Formula used
The calculator forms an open-loop transfer function: L(s)=C(s)G(s). For unity feedback, the closed-loop transfer is: T(s)=L(s)/(1+L(s)).
Poles are roots of the characteristic equation: D(s)+N(s)=0, where L(s)=N(s)/D(s). Stability is checked by verifying that all pole real parts are negative.
When a dominant complex pair exists, estimates use: ωn=√(σ²+ωd²), ζ=σ/ωn, Mp≈e^{-πζ/√(1-ζ²)}, and Ts≈4/(ζωn).
How to use this calculator
- Select a plant model that matches your process.
- Choose a controller family and enter its parameters.
- Set the step amplitude and simulation settings if needed.
- Press Submit to view poles, stability, and metrics.
- Use CSV or PDF exports for review and documentation.
Example data table
This example demonstrates a first-order plant with a PID controller.
| Item | Value | Notes |
|---|---|---|
| Plant model | First Order | K/(τs+1) |
| K | 1.0 | Plant gain |
| τ | 2.0 | Time constant |
| Controller | PID | Kp=2.0, Ki=1.0, Kd=0.2 |
| Step | 1.0 | Unit reference |
| What to check | Poles and Ts | Confirm stable and responsive |
Run the same values above to compare your results.
Plant and controller coverage
The calculator supports gain-only, first-order, second-order, integrator, and FOPDT plants. For FOPDT, dead time is approximated using a first-order Padé term. Controller choices include P, PI, PD, PID, lead, and lag, so you can compare structures without changing pages easily. Use K > 0 and τ > 0 for physical processes, set ωn in rad/s, and keep ζ between 0 and 1 for stable second-order behavior.
Closed-loop math and pole location
Open-loop dynamics are built as L(s)=C(s)G(s). With unity feedback, the closed-loop transfer is T(s)=L(s)/(1+L(s)). The characteristic polynomial is D(s)+N(s)=0 when L(s)=N(s)/D(s). Polynomials are formed by coefficient multiplication and addition, and the resulting numerator and denominator are displayed as coefficient arrays for traceability. Poles are calculated numerically for orders up to four, then classified by real-part sign for stability.

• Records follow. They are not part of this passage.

theorem proposition1:
  fixes Theta :: "(real^'p) set"
    and theta_star :: "real^'p"
    and Phi :: "'n::finite \<Rightarrow> real^'p^'c::finite"
    and zs ws :: "'n \<Rightarrow> real^'c"
    and wbar :: real
    and A A_act :: "real^'p^('n \<times> 'c)"
    and z w :: "real^('n \<times> 'c)"
    and d :: "real^'p"
  assumes theta_in: "theta_star \<in> Theta"
    and A_def: "A = stack_mat Phi"
    and exec: "A_act = A"
    and meas: "\<And>j. zs j = Phi j *v theta_star + ws j"
    and noise: "\<And>j. infnorm (ws j) \<le> wbar"
    and wbar_pos: "wbar > 0"
    and z_def: "z = stack_vec zs"
    and w_def: "w = stack_vec ws"
    and unit: "norm d = 1"
  shows
    "let Theta_act = {theta \<in> Theta. infnorm (z - A_act *v theta) \<le> wbar};
         E = {e. infnorm (A *v e) \<le> 2 * wbar};
         Theta_N = Theta \<inter> ((\<lambda>e. theta_star + e) ` E);
         Feas = {lam. transpose A *v lam = d}
     in width d Theta_act \<le> width d Theta_N
      \<and> width d Theta_N \<le> min (width d Theta) (2 * support_fun E d)
      \<and> support_fun E d = ereal (2 * wbar) * (INF lam\<in>Feas. ereal (l1norm lam))
      \<and> (Feas \<noteq> {} \<longrightarrow> (\<exists>lam0\<in>Feas. \<forall>lam\<in>Feas. l1norm lam0 \<le> l1norm lam))"
proof -
  define E where "E = {e. infnorm (A *v e) \<le> 2 * wbar}"
  have "z - A *v theta_star = w"
    using meas by (simp add: z_def w_def A_def stack_mat_mult_vec stack_vec_diff)
  then have "infnorm (z - A *v theta_star) \<le> wbar"
    using noise by (simp add: w_def infnorm_stack_vec_le)
  then have act: "{theta \<in> Theta. infnorm (z - A_act *v theta) \<le> wbar}
                    \<subseteq> Theta \<inter> ((\<lambda>e. theta_star + e) ` E)"
    using consistent_set_subset_translate[of z A theta_star wbar Theta] exec
    by (auto simp: E_def)
  have "width d (Theta \<inter> ((\<lambda>e. theta_star + e) ` E)) \<le> width d ((\<lambda>e. theta_star + e) ` E)"
    by (rule width_mono) blast
  also have "\<dots> \<le> 2 * support_fun E d"
    by (rule width_translate_le_twice_support_fun) (simp add: E_def vec.neg infnorm_neg)
  finally have error_set: "width d (Theta \<inter> ((\<lambda>e. theta_star + e) ` E)) \<le> 2 * support_fun E d" .
  have "width d (Theta \<inter> ((\<lambda>e. theta_star + e) ` E)) \<le> width d Theta"
    by (rule width_mono) blast
  moreover have "support_fun E d = ereal (2 * wbar) * (INF lam\<in>{lam. transpose A *v lam = d}. ereal (l1norm lam))"
    unfolding E_def using wbar_pos by (intro support_fun_infnorm_le) simp
  ultimately show ?thesis
    unfolding Let_def E_def[symmetric]
    using width_mono[OF act] error_set exists_min_l1norm_solution[of "transpose A" d]
    by simp
qed

end
(* Let $\mathcal{Y}\in\mathbb{R}^{n_1\times n_2\times n_3}$ have tubal rank at most $r$, let $\Phi=\phi\circ\mathrm{vec}$ with $\phi\in\mathbb{R}^{m\times n_1n_2n_3}$ of full row rank, $\Phi^{-1}$ its Moore–Penrose pseudo-inverse, and $\mathbf b=\Phi(\mathcal{Y})$. Run either version (LRAP4TS or ELRAP4TS) of the algorithm described in the context. Then for every iteration index $k\ge1$ reached by the algorithm, $$\|\mathcal{R}_k\|_F\le\Big(\sqrt{1-\tfrac{1}{\min(n_1,n_2)}}\Big)^{k-1}\,\|\Phi^{-1}(\mathbf b)\|_F .$$
   Context: Notation: t-product $*$, conjugate transpose ${}^*$ and t-SVD of third-order tensors as usual: the t-product multiplies frontal slices in the Fourier domain (DFT along the third mode); the t-SVD $\mathcal{A}=\mathcal{U}*\mathcal{S}*\mathcal{V}^*$ has $\mathcal{U},\mathcal{V}$ orthogonal and $\mathcal{S}$ f-diagonal (diagonal frontal slices), obtained from SVDs of the Fourier-domain slices with singular values in nonincreasing order. Tubal rank = number of nonzero singular tubes $\mathcal{S}(i,i,:)$. $\Phi^{-1}\Phi$ is the orthogonal projector of $\mathbb{R}^{n_1\times n_2\times n_3}$ onto the orthogonal complement of $\ker\Phi$, and $\Phi\Phi^{-1}$ is the identity on $\mathbb{R}^m$. Algorithm (integer $s\ge1$ given): set $\mathcal{R}_0=\Phi^{-1}\Phi(\mathcal{Y})$, $\mathcal{R}_1=\mathcal{R}_0$, $\mathcal{X}_0=0$, $\widehat{\mathcal{Y}}_0=0$. For $k=1,2,\dots,\lceil r/s\rceil$ (stop if $\mathcal{R}_k=0$): Step 1: compute the t-SVD $\mathcal{R}_k=\mathcal{U}_k*\mathcal{S}_k*\mathcal{V}_k^*$ and set $\mathcal{M}_{k,j}=\mathcal{U}_k(:,j,:)*\frac{\mathcal{S}_k(j,j,:)}{\|\mathcal{S}_k(j,j,:)\|_F}*\mathcal{V}_k(:,j,:)^*$, $j=1,\dots,s$. Step 2/3, standard version (LRAP4TS): let $\theta^k\in\mathbb{R}^{sk}$ minimize $\|\sum_{i=1}^k\sum_{j=1}^s\theta_{i,j}\Phi^{-1}\Phi(\mathcal{M}_{i,j})-\mathcal{R}_0\|_F^2$, set $\mathcal{X}_k=\sum_{i,j}\theta^k_{i,j}\Phi^{-1}\Phi(\mathcal{M}_{i,j})$. Economic version (ELRAP4TS): let $(\alpha_0^k,\dots,\alpha_s^k)\in\mathbb{R}^{s+1}$ minimize $\|\alpha_0\mathcal{X}_{k-1}+\sum_{j=1}^s\alpha_j\Phi^{-1}\Phi(\mathcal{M}_{k,j})-\mathcal{R}_0\|_F^2$, set $\mathcal{X}_k=\alpha_0^k\mathcal{X}_{k-1}+\sum_j\alpha_j^k\Phi^{-1}\Phi(\mathcal{M}_{k,j})$ and $\widehat{\mathcal{Y}}_k=\alpha_0^k\widehat{\mathcal{Y}}_{k-1}+\sum_j\alpha^k_j\mathcal{M}_{k,j}$. In both versions set $\mathcal{R}_{k+1}=\Phi^{-1}\Phi(\mathcal{Y})-\mathcal{X}_k$. Output: $\mathcal{M}(\theta^k)=\sum_{i,j}\theta^k_{i,j}\mathcal{M}_{i,j}$ (standard) or $\widehat{\mathcal{Y}}_k$ (economic). *)

theory Defs
  imports Complex_Main
begin
(* Let $n\in\mathbb{N}$, let $0\le\alpha_1\le\alpha_2\le\dots\le\alpha_n$ and $\beta_1\ge\beta_2\ge\dots\ge\beta_n\ge0$ be real numbers, and set $D_1=\bigoplus_{j=1}^n\mathrm{diag}(\alpha_j,\alpha_j)$ and $D_2=\bigoplus_{j=1}^n\mathrm{diag}(\beta_j,\beta_j)$ (both $2n\times 2n$). Then $$\min_{S\in\mathrm{Sp}(2n)}\operatorname{Tr}[D_1SD_2S^\intercal]=\operatorname{Tr}[D_1D_2],$$ where the minimum is over all real symplectic $2n\times 2n$ matrices.
   Context: $\mathrm{Sp}(2n)$ is the set of real $2n\times 2n$ matrices $S$ with $S\Omega S^\intercal=\Omega$, where $\Omega=\bigoplus_{i=1}^n\begin{pmatrix}0&1\\-1&0\end{pmatrix}$. *)

theory Defs
  imports "Jordan_Normal_Form.Matrix"
begin

definition mtrace :: "real mat \<Rightarrow> real" where
  "mtrace A = (\<Sum>i<dim_row A. A $$ (i, i))"

(* Omega = direct sum of n copies of [[0,1],[-1,0]] (0-based indices: block j = {2j, 2j+1}). *)
definition Omega :: "nat \<Rightarrow> real mat" where
  "Omega n = mat (2*n) (2*n) (\<lambda>(i, j).
      if i div 2 = j div 2 \<and> even i \<and> odd j then 1
      else if i div 2 = j div 2 \<and> odd i \<and> even j then -1
      else 0)"

definition symplectic :: "nat \<Rightarrow> real mat \<Rightarrow> bool" where
  "symplectic n S \<longleftrightarrow> S \<in> carrier_mat (2*n) (2*n) \<and> S * Omega n * transpose_mat S = Omega n"

(* direct sum over j<n of diag(a j, a j), a 2n x 2n diagonal matrix (0-based j). *)
definition pair_diag :: "nat \<Rightarrow> (nat \<Rightarrow> real) \<Rightarrow> real mat" where
  "pair_diag n a = mat (2*n) (2*n) (\<lambda>(i, j). if i = j then a (i div 2) else 0)"

end

(*
  Abel summation writes alpha and beta as nonnegative combinations of the step vectors
  [a <= p] and [r <= b] (on the pair indices p, r < n).  Both traces are then the same
  nonnegative combination over pairs (a, b): for Tr[D1 D2] the coefficient of (a, b) is
  the number 2 (b + 1 - a) of diagonal positions in the corner "rows >= 2a, columns < 2(b+1)"
  (zero if a > b), and for Tr[D1 S D2 S^T] it is the squared Frobenius norm of that corner
  of S.  So it suffices that this corner of a symplectic S has squared norm >= 2 (b + 1 - a).

  By a dimension count there are 2 (b + 1 - a) orthonormal vectors x vanishing in the first
  2a coordinates with S^T x vanishing from coordinate 2(b+1) on.  For each of them,
  1 = <x, x> = <Omega x, Omega x> = <S^T Omega x, Omega S^T x>, and Omega S^T x is again
  supported on the first 2(b+1) coordinates, so 2 is at most the squared norm of the first
  2(b+1) coordinates of S^T Omega x plus that of S^T x.  Summing over the family and
  applying Bessel's inequality to the orthonormal families x and Omega x, which both
  vanish in the first 2a coordinates, bounds the total by twice the corner's norm.
  The minimum is attained at S = 1.
*)
theory Submission
  imports Defs "Jordan_Normal_Form.Determinant"
begin
lemma r_ex_run_a:
  "is_run 1 V_ex (replicate n a) (resolve r_ex [] (replicate n a))
   \<and> last_state V_ex (resolve r_ex [] (replicate n a)) = 0
   \<and> counter 1 (resolve r_ex [] (replicate n a)) = [int n]"
proof (induction n)
  case 0
  then show ?case by simp
next
  case (Suc n)
  have "replicate (Suc n) a = replicate n a @ [a]"
    by (simp add: replicate_append_same)
  with Suc show ?case
    by (simp add: resolve_snoc is_run_snoc r_ex_simps)
qed

(* The truncated n - m is right: once the b's outnumber the a's the run sits in state 2
   with counter 0. *)
lemma r_ex_run_ab:
  "is_run 1 V_ex (replicate n a @ replicate m b) (resolve r_ex [] (replicate n a @ replicate m b))
   \<and> last_state V_ex (resolve r_ex [] (replicate n a @ replicate m b))
       = (if m = 0 then 0 else if m \<le> n then 1 else 2)
   \<and> counter 1 (resolve r_ex [] (replicate n a @ replicate m b)) = [int (n - m)]"
proof (induction m)
  case 0
  then show ?case using r_ex_run_a by simp
next
  case (Suc m)
  have word: "replicate n a @ replicate (Suc m) b = (replicate n a @ replicate m b) @ [b]"
    by (simp add: replicate_append_same)
  show ?case
    unfolding word resolve_snoc using Suc by (auto simp: is_run_snoc r_ex_simps simp del: append_assoc)
qed

lemma r_ex_run_abc:
  "is_run 1 V_ex (replicate n a @ replicate m b @ [c]) (resolve r_ex [] (replicate n a @ replicate m b @ [c]))
   \<and> last_state V_ex (resolve r_ex [] (replicate n a @ replicate m b @ [c])) = 3"
  using r_ex_run_ab[of n m]
  unfolding append_assoc[symmetric] resolve_snoc
  by (simp add: is_run_snoc r_ex_simps del: append_assoc)
text \<open>
  The Gale order \<open>\<le>\<^sub>t\<close> compares counting functions: \<open>I \<le>\<^sub>t J\<close> iff every initial segment of
  \<open><\<^sub>t\<close> contains at least as many elements of \<open>I\<close> as of \<open>J\<close>. Hence the cyclic interval
  \<open>C\<^sub>t\<close> is the \<open>\<le>\<^sub>t\<close>-least \<open>k\<close>-set, no other \<open>k\<close>-set lies below it, and its shift
  \<open>D\<^sub>t = C\<^sub>t - {t + k - 1} \<union> {t + k}\<close> lies below every \<open>k\<close>-set except \<open>C\<^sub>t\<close>.

  So under the necklace condition the bases are all \<open>k\<close>-sets except the \<open>C\<^sub>i\<close> with
  \<open>I\<^sub>i \<noteq> C\<^sub>i\<close>. Their starting points are at cyclic distance at least 2, so any two of them
  share at most \<open>k - 2\<close> elements, and removing such a family from the uniform matroid leaves a
  sparse paving matroid whose circuit-hyperplanes are exactly the removed sets.

  Conversely, in a sparse paving matroid of rank \<open>k\<close> every \<open>(k - 1)\<close>-set is independent and
  every \<open>(k + 1)\<close>-set contains a basis. Applied to the first \<open>k - 1\<close> and \<open>k + 1\<close> elements
  of \<open><\<^sub>i\<close> this squeezes \<open>I\<^sub>i\<close> between them, which forces \<open>I\<^sub>i = D\<^sub>i\<close> when
  \<open>I\<^sub>i \<noteq> C\<^sub>i\<close>. The new element \<open>i + k\<close> of \<open>D\<^sub>i\<close> survives into \<open>I\<^bsub>i+1\<^esub>\<close>, which
  prevents \<open>I\<^bsub>i+1\<^esub>\<close> from being a shifted interval, so \<open>I\<^bsub>i+1\<^esub> = C\<^bsub>i+1\<^esub>\<close>; the
  same argument at \<open>i - 1\<close> gives \<open>I\<^bsub>i-1\<^esub> = C\<^bsub>i-1\<^esub>\<close>.
\<close>

section \<open>Cyclic orders on \<open>[n]\<close>\<close>

text \<open>The base point \<open>t\<close> is an arbitrary integer, so that shifted
  base points such as \<open>i + 1\<close> need no reduction modulo \<open>n\<close>.\<close>

definition cyc_pos :: "nat \<Rightarrow> int \<Rightarrow> nat \<Rightarrow> int" where
  "cyc_pos n t x = (int x - t) mod int n"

Performance indicators used for engineering decisions
When a dominant complex pair exists, the tool estimates natural frequency and damping ratio from pole location: ωn=√(σ2+ωd2) and ζ=σ/ωn. It reports overshoot, rise time, peak time, and 2% settling time using standard second-order relationships. A practical tuning target is ζ between 0.5 and 0.8 for balanced speed and overshoot; for example, ζ=0.6 gives about 9.5% overshoot, while 0.7 gives about 4.6%.
Simulation checks and error-based scoring
An optional step simulation validates the computed transfer using a state-space realization and explicit Euler integration. The time-step is clamped between 0.0005 and 0.2 seconds to reduce numerical blowup. In addition to sampled response values, the tool computes IAE, the integral of absolute error, as a single score for tracking improvements. Smaller dt typically improves accuracy but increases computation and table density.
Reporting, traceability, and limits
Results can be exported as CSV for spreadsheets and as a PDF report for reviews. Stored inputs and outputs improve traceability during audits, design reports, and commissioning. For a Type 0 loop, the step steady-state error is 1/(1+Kp) using the position error constant; Type 1 or higher drives step error toward zero. If your model produces a closed-loop order above four, simplify the model or reduce controller order. Always validate final settings on the real process.
FAQs
1) What does “system type” mean here?
It is the count of open-loop poles at the origin. Type 0 has finite step error; Type 1 or higher drives step steady-state error toward zero under unity feedback.
2) Why is dead time approximated for FOPDT?
Pure delay introduces an exponential term, not a polynomial. A first-order Padé approximation converts it into a rational form so poles, stability, and time response can be computed.
3) Are the time metrics always reliable?
They are most reliable when a dominant complex pole pair governs the response. If real poles dominate or multiple modes compete, treat rise and settling times as engineering estimates.
4) What does IAE tell me?
IAE integrates absolute tracking error over the simulation horizon. Lower IAE usually indicates faster correction with less sustained deviation, helping you compare tunings objectively.
5) Why can simulation differ from estimates?
Estimates assume a dominant second-order form. Simulation uses the full computed transfer, including added poles, zeros, and Padé terms, revealing behaviors the approximations may miss.
6) How should I choose a starting controller?
Start with PI for many first-order processes to remove step error. Add derivative action with PID or lead when you need faster response but must manage overshoot and noise sensitivity.